(* Let $n \ge 3$ and let $(G,c)$ be a metric TSP instance with $n$ cities. Then every 2-optimal tour $T'$ in $G$ satisfies $$c(T') \le \sqrt{\tfrac{n}{2}}\; c(T^* ),$$ where $T^*$ is a shortest tour in $G$. Moreover, this bound is tight: for every positive integer $k$, with $n = 2k^2$, there exist a metric TSP instance with $n$ cities and a 2-optimal tour $T'$ in it such that $c(T') = \sqrt{n/2}\; c(T^* )$ and $c(T^* )>0$.
   Context: A metric TSP instance with $n$ cities consists of a complete undirected graph $G$ on $n$ vertices together with a distance function $c: E(G)\to\mathbb{R}_{\ge 0}$ satisfying the triangle inequality $c(x,y)+c(y,z)\ge c(x,z)$ for all vertices $x,y,z$ (we write $c(x,y)$ for $c(\{x,y\})$, and $c(x,x)=0$). A tour is a cycle in $G$ containing all vertices; its length is $c(T)=\sum_{e\in E(T)}c(e)$, and a shortest tour is a tour of minimum length. Tours are regarded as oriented cycles (each vertex has exactly one incoming and one outgoing edge). For two edges $(a,b)$ and $(x,y)$ of an oriented tour $T$, the 2-change replaces them by $(a,x)$ and $(b,y)$ (reversing the segment from $b$ to $x$), which yields a tour again; it is improving if $c(a,x)+c(b,y) < c(a,b)+c(x,y)$. A tour is 2-optimal if it admits no improving 2-change, i.e. $c(a,x)+c(b,y)\ge c(a,b)+c(x,y)$ for all pairs of edges $(a,b),(x,y)$ of the oriented tour. *)

theory Defs
  imports Complex_Main
begin

definition metric_tsp :: "nat \<Rightarrow> (nat \<Rightarrow> nat \<Rightarrow> real) \<Rightarrow> bool" where
  "metric_tsp n c \<longleftrightarrow>
     (\<forall>x<n. \<forall>y<n. c x y \<ge> 0) \<and>
     (\<forall>x<n. \<forall>y<n. c x y = c y x) \<and>
     (\<forall>x<n. c x x = 0) \<and>
     (\<forall>x<n. \<forall>y<n. \<forall>z<n. c x y + c y z \<ge> c x z)"

text \<open>An oriented tour is given by the cyclic sequence of its vertices: the list
  T visits every city exactly once, with edges (T!i, T!((i+1) mod n)).\<close>

definition is_tour :: "nat \<Rightarrow> nat list \<Rightarrow> bool" where
  "is_tour n T \<longleftrightarrow> length T = n \<and> distinct T \<and> set T = {0..<n}"

definition tour_length :: "nat \<Rightarrow> (nat \<Rightarrow> nat \<Rightarrow> real) \<Rightarrow> nat list \<Rightarrow> real" where
  "tour_length n c T = (\<Sum>i<n. c (T ! i) (T ! ((i + 1) mod n)))"

definition shortest_tour :: "nat \<Rightarrow> (nat \<Rightarrow> nat \<Rightarrow> real) \<Rightarrow> nat list \<Rightarrow> bool" where
  "shortest_tour n c T \<longleftrightarrow> is_tour n T \<and>
     (\<forall>T'. is_tour n T' \<longrightarrow> tour_length n c T \<le> tour_length n c T')"

definition two_optimal :: "nat \<Rightarrow> (nat \<Rightarrow> nat \<Rightarrow> real) \<Rightarrow> nat list \<Rightarrow> bool" where
  "two_optimal n c T \<longleftrightarrow> is_tour n T \<and>
     (\<forall>i<n. \<forall>j<n. i \<noteq> j \<longrightarrow>
        (let a = T ! i; b = T ! ((i + 1) mod n); x = T ! j; y = T ! ((j + 1) mod n)
         in c a x + c b y \<ge> c a b + c x y))"

end

theory Submission
  imports Defs "HOL-Analysis.Henstock_Kurzweil_Integration" "HOL-Number_Theory.Cong"
begin

text \<open>Cut a tour \<open>T\<close> open and lay it on a circle of circumference \<open>L = c(T)\<close>; by the triangle
  inequality the distance of two cities is at most the circle distance of their positions. An edge
  \<open>(a, b)\<close> of a 2-optimal tour \<open>T'\<close> becomes the point \<open>(pos a, pos b)\<close> of the torus of side \<open>L\<close>,
  and 2-optimality says that the \<open>\<ell>\<^sub>1\<close>-balls of radius \<open>c(a, b)\<close> around these \<open>n\<close> points are pairwise
  disjoint. Each has area \<open>2 c(a, b)\<^sup>2\<close>, so the squared edge lengths of \<open>T'\<close> sum to at most \<open>L\<^sup>2 / 2\<close>,
  and Cauchy-Schwarz gives \<open>c(T') \<le> \<surd>(n/2) L\<close>.

  For tightness put \<open>k\<close> cities at every vertex of \<open>K\<^sub>k\<^sub>,\<^sub>k\<close> with its path metric (distances 0, 1, 2).
  A tour through all \<open>2k\<^sup>2\<close> oriented edges of \<open>K\<^sub>k\<^sub>,\<^sub>k\<close> has length \<open>2k\<^sup>2\<close> and is 2-optimal, because
  two of its edges leaving the same side never share both endpoints; the tour visiting the vertices
  one after the other has length \<open>2k\<close>, and the bound itself shows that no tour is shorter.\<close>

definition circ_dist :: "real \<Rightarrow> real \<Rightarrow> real \<Rightarrow> real" where
  "circ_dist L p q = min \<bar>p - q\<bar> (L - \<bar>p - q\<bar>)"

lemma circ_dist_commute: "circ_dist L p q = circ_dist L q p"
  unfolding circ_dist_def by (simp add: abs_minus_commute)
(* gradient of F(W) = f(W phi, y):  (p(W phi) - y) phi^T, column j = phi_j (p - y) *)
definition gradF :: "nat \<Rightarrow> (nat \<Rightarrow> real) \<Rightarrow> real^'v \<Rightarrow> (nat \<Rightarrow> real^'v) \<Rightarrow> (nat \<Rightarrow> real^'v)" where
  "gradF d phi y W = (\<lambda>j. phi j *\<^sub>R (softmax (matvec d W phi) - y))"

definition sam_step :: "nat \<Rightarrow> (nat \<Rightarrow> real) \<Rightarrow> real^'v \<Rightarrow> real \<Rightarrow> real \<Rightarrow>
    (nat \<Rightarrow> real^'v) \<Rightarrow> (nat \<Rightarrow> real^'v)" where
  "sam_step d phi y \<eta> \<rho> W =
    (let g = softmax (matvec d W phi) - y;
         G = gradF d phi y W;
         Wt = (if g = 0 then W else (\<lambda>j. W j + (\<rho> / frob d G) *\<^sub>R G j))
     in (\<lambda>j. W j - \<eta> *\<^sub>R gradF d phi y Wt j))"

definition hess_z :: "real^'v \<Rightarrow> real^'v^'v" where
  "hess_z p = (\<chi> i j. (if i = j then p $ i else 0) - p $ i * p $ j)"

definition outer :: "real^'v \<Rightarrow> real^'v \<Rightarrow> real^'v^'v" where
  "outer u w = (\<chi> i j. u $ i * w $ j)"

end

theory Submission
  imports Defs
begin

(* Both gradients in a SAM step are rank-one matrices g phi^T, so the step moves the logits
   z = W phi along a single vector: the perturbed logits are z + rho~ g and the new logits are
   z - eta mu g~, where g~ is the residual at the perturbed logits.  Expanding softmax to second
   order around z (along any line its second derivative is O(|h|^2), uniformly in z) gives
   g~ = g + rho~ H g + O(rho~^2 |g|^2) and g' = g - eta mu H g~ + O(eta^2 mu^2 |g~|^2).
   Projecting onto an eigenvector v_k of H replaces H by lambda_k <= 1, and both remainders are
   O(eta^2): rho~^2 |g|^2 = rho^2 mu <= kappa^2 |eta| mu, and |g~|^2 <= 2 for a one-hot label. *)

lemma softmax_pos: "softmax z $ i > 0"
  by (simp add: softmax_def sum_pos)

..........

Your answer should be a single number: the count of lines in the listing that hold "forall".

6